▸ **WHAT THE TASK REQUIRES**: Scan the entries below and return each line that contains "dots".

▸ **DATA SUPPLIED**:
☆ ☆ ☆ ☆ ☆ ☆ ☆
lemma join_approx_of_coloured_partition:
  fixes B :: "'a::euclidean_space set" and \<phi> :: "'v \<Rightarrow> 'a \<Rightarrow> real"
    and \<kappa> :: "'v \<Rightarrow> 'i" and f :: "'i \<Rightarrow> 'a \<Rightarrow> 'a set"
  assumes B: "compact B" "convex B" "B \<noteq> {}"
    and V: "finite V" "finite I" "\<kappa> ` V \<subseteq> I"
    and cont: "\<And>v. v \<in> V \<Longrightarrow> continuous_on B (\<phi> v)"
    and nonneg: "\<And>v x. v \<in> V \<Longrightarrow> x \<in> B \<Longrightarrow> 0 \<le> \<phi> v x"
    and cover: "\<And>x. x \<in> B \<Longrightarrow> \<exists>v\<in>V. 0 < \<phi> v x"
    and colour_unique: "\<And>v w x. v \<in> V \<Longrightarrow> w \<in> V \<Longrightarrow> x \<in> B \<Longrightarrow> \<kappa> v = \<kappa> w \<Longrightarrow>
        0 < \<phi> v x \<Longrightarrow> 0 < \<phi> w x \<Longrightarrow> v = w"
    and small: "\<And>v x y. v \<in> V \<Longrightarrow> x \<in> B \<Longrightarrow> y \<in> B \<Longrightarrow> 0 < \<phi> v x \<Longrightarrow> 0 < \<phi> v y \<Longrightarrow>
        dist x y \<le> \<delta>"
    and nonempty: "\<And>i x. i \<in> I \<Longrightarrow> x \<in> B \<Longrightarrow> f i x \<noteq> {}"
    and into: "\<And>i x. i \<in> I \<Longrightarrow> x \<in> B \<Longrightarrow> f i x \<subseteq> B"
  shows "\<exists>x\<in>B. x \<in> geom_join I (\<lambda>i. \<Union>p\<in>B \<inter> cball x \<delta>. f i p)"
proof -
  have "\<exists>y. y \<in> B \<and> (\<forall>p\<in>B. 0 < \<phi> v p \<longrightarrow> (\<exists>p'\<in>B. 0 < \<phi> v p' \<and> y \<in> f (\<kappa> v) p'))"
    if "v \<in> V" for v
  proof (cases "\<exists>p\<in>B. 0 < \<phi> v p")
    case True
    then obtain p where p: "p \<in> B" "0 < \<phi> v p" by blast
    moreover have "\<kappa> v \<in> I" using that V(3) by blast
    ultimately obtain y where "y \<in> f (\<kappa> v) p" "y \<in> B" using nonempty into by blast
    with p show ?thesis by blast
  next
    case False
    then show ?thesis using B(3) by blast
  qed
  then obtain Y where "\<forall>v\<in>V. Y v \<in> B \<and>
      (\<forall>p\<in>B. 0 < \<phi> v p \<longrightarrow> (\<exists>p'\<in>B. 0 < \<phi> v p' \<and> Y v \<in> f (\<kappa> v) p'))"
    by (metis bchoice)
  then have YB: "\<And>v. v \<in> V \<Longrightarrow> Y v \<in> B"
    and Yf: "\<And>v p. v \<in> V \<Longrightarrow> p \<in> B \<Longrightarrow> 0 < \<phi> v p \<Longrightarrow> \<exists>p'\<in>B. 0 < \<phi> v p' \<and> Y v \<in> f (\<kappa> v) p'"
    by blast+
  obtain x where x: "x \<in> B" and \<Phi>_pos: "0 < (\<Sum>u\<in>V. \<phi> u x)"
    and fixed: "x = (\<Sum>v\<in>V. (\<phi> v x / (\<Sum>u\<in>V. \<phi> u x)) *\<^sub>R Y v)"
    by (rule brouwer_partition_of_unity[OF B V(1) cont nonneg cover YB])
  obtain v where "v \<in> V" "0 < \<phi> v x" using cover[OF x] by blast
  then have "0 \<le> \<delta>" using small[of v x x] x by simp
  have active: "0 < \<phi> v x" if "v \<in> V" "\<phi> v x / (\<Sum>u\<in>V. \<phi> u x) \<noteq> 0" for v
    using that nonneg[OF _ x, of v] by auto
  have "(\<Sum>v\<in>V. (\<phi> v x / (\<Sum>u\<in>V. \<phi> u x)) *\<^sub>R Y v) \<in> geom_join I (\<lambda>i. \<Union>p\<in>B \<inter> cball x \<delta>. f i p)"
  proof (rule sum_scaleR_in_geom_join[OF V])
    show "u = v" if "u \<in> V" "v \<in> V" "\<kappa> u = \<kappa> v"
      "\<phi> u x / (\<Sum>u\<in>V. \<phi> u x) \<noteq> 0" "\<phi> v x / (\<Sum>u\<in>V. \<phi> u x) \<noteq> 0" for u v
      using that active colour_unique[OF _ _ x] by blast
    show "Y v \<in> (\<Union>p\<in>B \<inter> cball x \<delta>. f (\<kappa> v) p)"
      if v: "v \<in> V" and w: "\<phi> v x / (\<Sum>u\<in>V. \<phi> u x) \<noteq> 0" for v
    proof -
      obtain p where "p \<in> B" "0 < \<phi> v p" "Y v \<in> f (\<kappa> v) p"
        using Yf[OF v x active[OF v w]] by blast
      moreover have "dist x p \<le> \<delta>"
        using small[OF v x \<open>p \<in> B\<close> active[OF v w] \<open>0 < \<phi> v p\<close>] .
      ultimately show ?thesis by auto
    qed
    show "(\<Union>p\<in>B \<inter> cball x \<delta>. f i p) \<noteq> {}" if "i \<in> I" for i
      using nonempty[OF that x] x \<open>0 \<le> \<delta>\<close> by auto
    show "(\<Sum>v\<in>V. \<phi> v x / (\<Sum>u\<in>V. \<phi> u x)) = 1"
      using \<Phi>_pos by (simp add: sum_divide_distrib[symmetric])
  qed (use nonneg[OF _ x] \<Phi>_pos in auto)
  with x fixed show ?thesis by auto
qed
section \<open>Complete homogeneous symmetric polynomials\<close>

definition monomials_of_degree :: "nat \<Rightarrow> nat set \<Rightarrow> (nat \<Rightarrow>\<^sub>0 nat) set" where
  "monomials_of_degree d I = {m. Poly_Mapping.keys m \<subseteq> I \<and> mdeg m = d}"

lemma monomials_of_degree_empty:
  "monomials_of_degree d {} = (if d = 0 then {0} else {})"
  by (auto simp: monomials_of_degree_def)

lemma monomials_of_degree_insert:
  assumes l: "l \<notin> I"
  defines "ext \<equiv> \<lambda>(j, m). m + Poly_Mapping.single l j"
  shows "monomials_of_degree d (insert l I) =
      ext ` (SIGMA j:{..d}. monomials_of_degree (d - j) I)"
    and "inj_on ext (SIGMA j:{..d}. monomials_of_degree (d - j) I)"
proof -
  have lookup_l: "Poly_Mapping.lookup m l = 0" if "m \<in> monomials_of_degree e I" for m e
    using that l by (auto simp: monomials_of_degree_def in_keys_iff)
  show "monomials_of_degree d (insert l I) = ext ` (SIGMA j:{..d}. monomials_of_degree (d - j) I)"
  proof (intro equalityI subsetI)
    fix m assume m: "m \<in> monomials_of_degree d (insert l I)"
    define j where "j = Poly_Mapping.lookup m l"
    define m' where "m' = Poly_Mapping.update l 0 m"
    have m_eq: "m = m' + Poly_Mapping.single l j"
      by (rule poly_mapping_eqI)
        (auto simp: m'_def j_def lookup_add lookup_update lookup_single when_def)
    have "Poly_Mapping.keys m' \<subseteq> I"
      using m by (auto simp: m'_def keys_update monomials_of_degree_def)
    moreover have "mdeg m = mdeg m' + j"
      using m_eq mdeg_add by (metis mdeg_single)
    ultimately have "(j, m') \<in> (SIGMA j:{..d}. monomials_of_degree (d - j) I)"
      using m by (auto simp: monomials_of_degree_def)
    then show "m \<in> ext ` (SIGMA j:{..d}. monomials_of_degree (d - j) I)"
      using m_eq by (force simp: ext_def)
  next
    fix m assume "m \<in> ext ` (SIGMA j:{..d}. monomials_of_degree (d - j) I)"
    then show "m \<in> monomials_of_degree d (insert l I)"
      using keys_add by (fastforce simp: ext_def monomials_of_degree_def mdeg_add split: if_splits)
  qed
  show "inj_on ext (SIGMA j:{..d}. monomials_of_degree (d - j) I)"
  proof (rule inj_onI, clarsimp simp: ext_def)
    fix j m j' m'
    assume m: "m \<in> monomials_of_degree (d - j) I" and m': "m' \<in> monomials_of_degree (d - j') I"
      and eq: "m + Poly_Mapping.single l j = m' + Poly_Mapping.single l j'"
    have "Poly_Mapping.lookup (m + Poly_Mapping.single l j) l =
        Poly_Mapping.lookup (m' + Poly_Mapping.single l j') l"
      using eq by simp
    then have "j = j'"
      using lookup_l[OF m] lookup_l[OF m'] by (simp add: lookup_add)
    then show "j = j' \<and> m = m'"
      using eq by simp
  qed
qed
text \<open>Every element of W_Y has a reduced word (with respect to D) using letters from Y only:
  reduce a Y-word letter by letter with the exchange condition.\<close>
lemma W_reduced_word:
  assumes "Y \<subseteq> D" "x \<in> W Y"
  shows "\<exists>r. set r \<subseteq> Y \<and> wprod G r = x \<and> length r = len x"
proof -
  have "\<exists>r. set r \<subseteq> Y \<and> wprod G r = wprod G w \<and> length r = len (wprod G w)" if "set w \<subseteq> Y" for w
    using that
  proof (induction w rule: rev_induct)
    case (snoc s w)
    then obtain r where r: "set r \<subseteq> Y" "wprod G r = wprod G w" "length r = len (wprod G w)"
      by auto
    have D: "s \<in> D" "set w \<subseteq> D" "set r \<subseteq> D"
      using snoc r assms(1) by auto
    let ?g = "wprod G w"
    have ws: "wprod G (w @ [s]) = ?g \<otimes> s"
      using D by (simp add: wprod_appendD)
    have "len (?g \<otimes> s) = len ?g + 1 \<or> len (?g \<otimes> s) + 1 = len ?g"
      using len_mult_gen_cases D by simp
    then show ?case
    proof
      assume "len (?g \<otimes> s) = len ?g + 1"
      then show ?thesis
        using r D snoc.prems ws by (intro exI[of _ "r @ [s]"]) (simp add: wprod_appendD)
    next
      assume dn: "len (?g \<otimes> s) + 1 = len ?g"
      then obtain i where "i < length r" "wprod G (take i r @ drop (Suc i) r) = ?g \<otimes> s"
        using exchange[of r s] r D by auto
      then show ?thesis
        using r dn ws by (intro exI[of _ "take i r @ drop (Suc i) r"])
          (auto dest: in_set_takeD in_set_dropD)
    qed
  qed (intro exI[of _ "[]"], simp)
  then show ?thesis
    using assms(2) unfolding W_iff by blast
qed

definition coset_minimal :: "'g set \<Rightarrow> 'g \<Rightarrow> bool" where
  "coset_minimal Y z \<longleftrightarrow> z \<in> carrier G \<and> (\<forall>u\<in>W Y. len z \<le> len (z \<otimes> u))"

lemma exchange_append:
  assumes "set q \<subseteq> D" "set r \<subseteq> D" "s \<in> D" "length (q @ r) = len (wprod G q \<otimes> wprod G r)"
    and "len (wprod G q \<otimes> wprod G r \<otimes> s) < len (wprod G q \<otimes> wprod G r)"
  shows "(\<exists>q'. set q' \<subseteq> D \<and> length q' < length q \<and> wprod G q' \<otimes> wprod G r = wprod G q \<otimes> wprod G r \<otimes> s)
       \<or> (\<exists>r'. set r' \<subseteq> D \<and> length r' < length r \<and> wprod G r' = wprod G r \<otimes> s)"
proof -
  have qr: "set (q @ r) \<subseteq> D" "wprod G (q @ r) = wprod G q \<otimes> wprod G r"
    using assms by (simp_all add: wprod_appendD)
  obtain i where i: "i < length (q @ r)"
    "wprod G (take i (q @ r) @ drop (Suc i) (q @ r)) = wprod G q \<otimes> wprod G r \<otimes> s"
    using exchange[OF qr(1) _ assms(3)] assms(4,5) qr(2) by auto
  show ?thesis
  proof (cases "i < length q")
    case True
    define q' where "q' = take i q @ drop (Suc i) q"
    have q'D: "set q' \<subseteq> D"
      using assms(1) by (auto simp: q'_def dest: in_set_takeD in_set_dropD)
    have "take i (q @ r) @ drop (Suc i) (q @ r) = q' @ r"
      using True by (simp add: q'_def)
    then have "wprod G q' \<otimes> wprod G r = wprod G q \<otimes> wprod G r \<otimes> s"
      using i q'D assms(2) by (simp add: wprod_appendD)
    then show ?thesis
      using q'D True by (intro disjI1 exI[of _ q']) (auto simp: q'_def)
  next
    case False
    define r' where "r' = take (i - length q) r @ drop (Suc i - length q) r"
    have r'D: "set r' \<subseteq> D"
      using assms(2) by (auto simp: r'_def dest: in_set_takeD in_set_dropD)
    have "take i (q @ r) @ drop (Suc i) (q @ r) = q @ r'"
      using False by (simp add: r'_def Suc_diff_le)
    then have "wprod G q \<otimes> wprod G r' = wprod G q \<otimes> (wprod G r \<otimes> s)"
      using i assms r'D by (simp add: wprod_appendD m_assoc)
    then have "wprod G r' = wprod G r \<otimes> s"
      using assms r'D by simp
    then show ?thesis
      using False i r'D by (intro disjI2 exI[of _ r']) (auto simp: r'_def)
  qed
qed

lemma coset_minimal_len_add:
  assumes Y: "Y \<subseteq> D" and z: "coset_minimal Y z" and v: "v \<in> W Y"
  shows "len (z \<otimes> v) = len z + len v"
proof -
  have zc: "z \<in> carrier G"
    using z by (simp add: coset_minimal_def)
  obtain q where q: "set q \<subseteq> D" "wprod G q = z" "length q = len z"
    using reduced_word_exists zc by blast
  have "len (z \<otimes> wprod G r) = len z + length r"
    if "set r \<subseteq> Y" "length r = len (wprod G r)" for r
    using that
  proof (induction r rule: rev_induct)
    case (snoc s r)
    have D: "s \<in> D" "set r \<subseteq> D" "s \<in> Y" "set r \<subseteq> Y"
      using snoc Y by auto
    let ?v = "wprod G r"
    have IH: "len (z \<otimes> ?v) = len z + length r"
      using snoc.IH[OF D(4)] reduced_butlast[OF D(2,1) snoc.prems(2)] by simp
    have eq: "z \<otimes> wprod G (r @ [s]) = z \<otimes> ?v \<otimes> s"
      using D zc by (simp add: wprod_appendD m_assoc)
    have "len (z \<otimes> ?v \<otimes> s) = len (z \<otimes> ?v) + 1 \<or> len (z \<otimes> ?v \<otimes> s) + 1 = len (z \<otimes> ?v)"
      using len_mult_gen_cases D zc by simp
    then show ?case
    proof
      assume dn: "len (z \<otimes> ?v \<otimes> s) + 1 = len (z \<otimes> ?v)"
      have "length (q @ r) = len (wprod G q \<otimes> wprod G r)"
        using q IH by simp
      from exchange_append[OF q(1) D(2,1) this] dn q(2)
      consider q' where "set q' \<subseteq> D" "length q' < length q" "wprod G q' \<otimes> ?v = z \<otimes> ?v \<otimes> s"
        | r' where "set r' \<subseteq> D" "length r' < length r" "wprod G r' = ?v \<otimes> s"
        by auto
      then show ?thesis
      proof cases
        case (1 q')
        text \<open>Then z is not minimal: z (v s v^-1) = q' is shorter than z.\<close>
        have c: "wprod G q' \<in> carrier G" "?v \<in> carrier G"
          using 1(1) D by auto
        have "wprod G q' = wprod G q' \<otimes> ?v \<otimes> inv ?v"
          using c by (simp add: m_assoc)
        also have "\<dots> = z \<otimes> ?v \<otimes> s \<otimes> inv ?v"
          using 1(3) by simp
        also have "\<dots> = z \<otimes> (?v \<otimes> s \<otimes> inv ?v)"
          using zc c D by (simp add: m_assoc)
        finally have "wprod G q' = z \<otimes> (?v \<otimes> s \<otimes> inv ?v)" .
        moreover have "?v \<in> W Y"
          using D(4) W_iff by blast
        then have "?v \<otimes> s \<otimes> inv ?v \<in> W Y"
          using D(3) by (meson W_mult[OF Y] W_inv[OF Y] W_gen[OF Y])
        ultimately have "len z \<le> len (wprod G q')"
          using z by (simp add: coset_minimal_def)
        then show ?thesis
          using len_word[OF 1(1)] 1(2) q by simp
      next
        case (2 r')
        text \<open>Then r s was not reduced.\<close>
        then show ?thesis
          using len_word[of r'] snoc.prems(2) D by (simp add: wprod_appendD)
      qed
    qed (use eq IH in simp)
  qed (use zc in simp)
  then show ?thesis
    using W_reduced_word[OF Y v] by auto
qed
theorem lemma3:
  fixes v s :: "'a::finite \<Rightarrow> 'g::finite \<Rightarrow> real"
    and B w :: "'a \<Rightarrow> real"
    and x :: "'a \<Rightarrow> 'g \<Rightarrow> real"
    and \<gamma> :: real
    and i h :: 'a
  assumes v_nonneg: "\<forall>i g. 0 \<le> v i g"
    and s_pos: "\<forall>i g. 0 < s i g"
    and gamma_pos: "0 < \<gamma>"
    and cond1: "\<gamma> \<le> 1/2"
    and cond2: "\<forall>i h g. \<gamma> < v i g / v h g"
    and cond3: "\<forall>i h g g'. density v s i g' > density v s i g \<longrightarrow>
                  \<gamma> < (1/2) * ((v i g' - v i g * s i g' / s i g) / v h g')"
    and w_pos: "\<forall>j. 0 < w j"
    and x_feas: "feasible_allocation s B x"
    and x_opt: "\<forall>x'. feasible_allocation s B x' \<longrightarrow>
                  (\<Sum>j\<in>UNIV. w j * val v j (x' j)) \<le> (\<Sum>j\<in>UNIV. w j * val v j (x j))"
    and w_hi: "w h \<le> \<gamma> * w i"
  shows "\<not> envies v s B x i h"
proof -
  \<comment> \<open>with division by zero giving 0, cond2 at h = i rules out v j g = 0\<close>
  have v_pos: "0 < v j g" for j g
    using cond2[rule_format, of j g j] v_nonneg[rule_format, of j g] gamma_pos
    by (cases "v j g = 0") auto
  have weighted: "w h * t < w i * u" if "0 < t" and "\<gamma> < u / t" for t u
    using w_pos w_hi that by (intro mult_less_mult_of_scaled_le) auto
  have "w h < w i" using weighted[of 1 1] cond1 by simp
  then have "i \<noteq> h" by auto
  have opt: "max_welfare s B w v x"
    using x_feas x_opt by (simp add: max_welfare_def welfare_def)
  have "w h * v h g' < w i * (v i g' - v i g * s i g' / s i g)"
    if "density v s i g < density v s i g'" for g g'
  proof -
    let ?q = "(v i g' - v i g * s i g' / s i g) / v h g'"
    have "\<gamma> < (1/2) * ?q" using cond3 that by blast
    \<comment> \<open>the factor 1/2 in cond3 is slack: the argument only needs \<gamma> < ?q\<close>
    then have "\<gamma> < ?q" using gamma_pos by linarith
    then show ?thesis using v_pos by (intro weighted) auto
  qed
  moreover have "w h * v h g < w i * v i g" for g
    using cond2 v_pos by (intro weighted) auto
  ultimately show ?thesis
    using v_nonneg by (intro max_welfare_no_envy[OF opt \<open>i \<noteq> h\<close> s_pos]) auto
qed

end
☆ ☆ ☆ ☆ ☆ ☆ ☆
▸ **OUTPUT OF THE TASK**:
        also have "\<dots> = z \<otimes> ?v \<otimes> s \<otimes> inv ?v"
        also have "\<dots> = z \<otimes> (?v \<otimes> s \<otimes> inv ?v)"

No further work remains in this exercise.